Wolf Jennifer Moriatis, McCarty Eric C, Ritchie Paul D
Department of Orthopaedics, University of Colorado-Denver, Denver, CO, USA.
Tech Hand Up Extrem Surg. 2008 Sep;12(3):174-9. doi: 10.1097/BTH.0b013e31817da1ba.
Triceps ruptures are relatively rare injuries. When they occur, primary surgical repair of the tendon to the proximal ulna is recommended. However, some patients require reconstruction using tendon grafting due to shortening or insufficiency of the native triceps tendon. Triceps ruptures associated with biological abnormalities (such as renal insufficiency or metabolic disease) or recurrence of rupture represent situations where a stout augmented repair is desirable. Multiple allograft and autologous tendons have been described for augmentation, but the use of gracilis and semitendinosus tendons provides superior length and size for use in triceps reconstruction. Using an illustrative case example, the evaluation of triceps insufficiency and the need for additional graft is shown. The technique of autologous hamstring augmentation for triceps insufficiency is described in detail. The importance of graded rehabilitation is emphasized with a complete program of triceps strengthening over time.

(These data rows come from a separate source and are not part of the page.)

(* The set $\mathbb{R}_\mathcal{I}$ of interval numbers, equipped with the addition $\bar a+\bar b=\langle a_c+b_c;\,a_wb_w\rangle$ and the scalar multiplication $k\bar a=\langle ka_c;\,a_w^{k}\rangle$ ($k\in\mathbb{R}$), is a (real) linear space.
   Context: An interval number is a closed interval $\bar a=[a_l,a_r]$ with $a_l,a_r\in\mathbb{R}$ and $a_l<a_r$ (real numbers are not regarded as degenerate intervals). $\mathbb{R}_\mathcal{I}$ denotes the set of all interval numbers. For $\bar a=[a_l,a_r]$ put $a_c=(a_l+a_r)/2$ (center) and $a_w=(a_r-a_l)/2>0$ (radius), and write $\bar a=\langle a_c;a_w\rangle$, i.e. $\langle a_c;a_w\rangle=[a_c-a_w,a_c+a_w]$. *)

theory Defs
  imports "HOL-Analysis.Analysis" "HOL-Algebra.Module"
begin

text \<open>An interval number [l, r] is represented by the pair of its endpoints (l, r), with l < r.\<close>
type_synonym interval = "real \<times> real"

definition RI :: "interval set" where
  "RI = {(l, r). l < r}"

definition icenter :: "interval \<Rightarrow> real" where
  "icenter a = (fst a + snd a) / 2"

definition iradius :: "interval \<Rightarrow> real" where
  "iradius a = (snd a - fst a) / 2"

definition cw :: "real \<Rightarrow> real \<Rightarrow> interval" where
  "cw c w = (c - w, c + w)"

definition iadd :: "interval \<Rightarrow> interval \<Rightarrow> interval" where
  "iadd a b = cw (icenter a + icenter b) (iradius a * iradius b)"

definition ismult :: "real \<Rightarrow> interval \<Rightarrow> interval" where
  "ismult k a = cw (k * icenter a) (iradius a powr k)"

definition real_field :: "real ring" where
  "real_field = \<lparr>carrier = UNIV, mult = (*), one = 1, zero = 0, add = (+)\<rparr>"

text \<open>The multiplicative fields of the
  record are irrelevant for the module structure and left unspecified; the zero is
  the neutral element <0;1> = [-1,1].\<close>
definition interval_space :: "(real, interval) module" where
  "interval_space = \<lparr>carrier = RI, mult = (\<lambda>_ _. undefined), one = undefined,
     zero = cw 0 1, add = iadd, smult = ismult\<rparr>"

end

theory Submission
  imports Defs "HOL-Algebra.Algebraic_Closure_Type"
begin

text \<open>The map \<open>a \<mapsto> (a\<^sub>c, ln a\<^sub>w)\<close> is a bijection from \<open>\<real>\<^sub>\<I>\<close> onto \<open>\<real>\<^sup>2\<close> that turns
  the interval operations into the vector operations of \<open>\<real>\<^sup>2\<close>. Accordingly each linear-space
  axiom reduces to a law of exponents for positive radii (\<open>powr_add\<close>, \<open>powr_mult\<close>,
  \<open>powr_powr\<close>); the zero is \<open>\<langle>0;1\<rangle>\<close> and the negative of \<open>\<langle>c;w\<rangle>\<close> is \<open>\<langle>-c;1/w\<rangle>\<close>.\<close>

lemma real_field_eq_ring_of_type_algebra: "real_field = ring_of_type_algebra"
  by (simp add: real_field_def ring_of_type_algebra_def)

lemma field_real_field: "field real_field"
  by (simp add: real_field_eq_ring_of_type_algebra field_from_type_algebra)

lemma cring_real_field: "cring real_field"
  by (simp add: real_field_eq_ring_of_type_algebra cring_from_type_algebra)

lemma icenter_cw [simp]: "icenter (cw c w) = c"
  and iradius_cw [simp]: "iradius (cw c w) = w"
  by (simp_all add: cw_def icenter_def iradius_def)

lemma interval_eq_iff: "a = b \<longleftrightarrow> icenter a = icenter b \<and> iradius a = iradius b"
  by (cases a, cases b) (auto simp: icenter_def iradius_def field_simps)

lemma mem_RI_iff: "a \<in> RI \<longleftrightarrow> iradius a > 0"
  by (cases a) (auto simp: RI_def iradius_def)

lemma icenter_iadd [simp]: "icenter (iadd a b) = icenter a + icenter b"
  and iradius_iadd [simp]: "iradius (iadd a b) = iradius a * iradius b"
  by (simp_all add: iadd_def)

lemma icenter_ismult [simp]: "icenter (ismult k a) = k * icenter a"
  and iradius_ismult [simp]: "iradius (ismult k a) = iradius a powr k"
  by (simp_all add: ismult_def)

lemma interval_space_simps [simp]:
  "carrier interval_space = RI"
  "\<zero>\<^bsub>interval_space\<^esub> = cw 0 1"
  "x \<oplus>\<^bsub>interval_space\<^esub> y = iadd x y"
  "k \<odot>\<^bsub>interval_space\<^esub> x = ismult k x"
  by (simp_all add: interval_space_def)

lemma real_field_simps [simp]:
  "carrier real_field = UNIV"
  "\<one>\<^bsub>real_field\<^esub> = 1"
  "a \<oplus>\<^bsub>real_field\<^esub> b = a + b"
  "a \<otimes>\<^bsub>real_field\<^esub> b = a * b"
  by (simp_all add: real_field_def)

lemma abelian_group_interval_space: "abelian_group interval_space"
proof (rule abelian_groupI)
  fix x assume "x \<in> carrier interval_space"
  then have "iradius x > 0" by (simp add: mem_RI_iff)
  then show "\<exists>y\<in>carrier interval_space. y \<oplus>\<^bsub>interval_space\<^esub> x = \<zero>\<^bsub>interval_space\<^esub>"
    by (intro bexI[of _ "cw (- icenter x) (1 / iradius x)"]) (simp_all add: interval_eq_iff mem_RI_iff)
qed (auto simp: interval_eq_iff mem_RI_iff)

lemma module_interval_space: "module real_field interval_space"
  by (rule moduleI[OF cring_real_field abelian_group_interval_space])
    (auto simp: interval_eq_iff mem_RI_iff powr_add powr_mult powr_powr algebra_simps)

theorem theorem2p41:
  shows "field real_field \<and> module real_field interval_space"
  by (simp add: field_real_field module_interval_space)

end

肱三头肌断裂是相对罕见的损伤。当发生这种情况时,建议将肌腱一期手术修复至尺骨近端。然而,由于肱三头肌肌腱缩短或功能不全,一些患者需要使用肌腱移植进行重建。与生物学异常(如肾功能不全或代谢疾病)相关的肱三头肌断裂或断裂复发,表明需要进行强有力的强化修复。已经描述了多种同种异体肌腱和自体肌腱用于强化,但使用股薄肌和半腱肌肌腱在肱三头肌重建中具有更好的长度和尺寸。通过一个示例病例,展示了对肱三头肌功能不全的评估以及对额外移植的需求。详细描述了用于肱三头肌功能不全的自体腘绳肌强化技术。随着时间的推移,通过完整的肱三头肌强化计划强调了分级康复的重要性。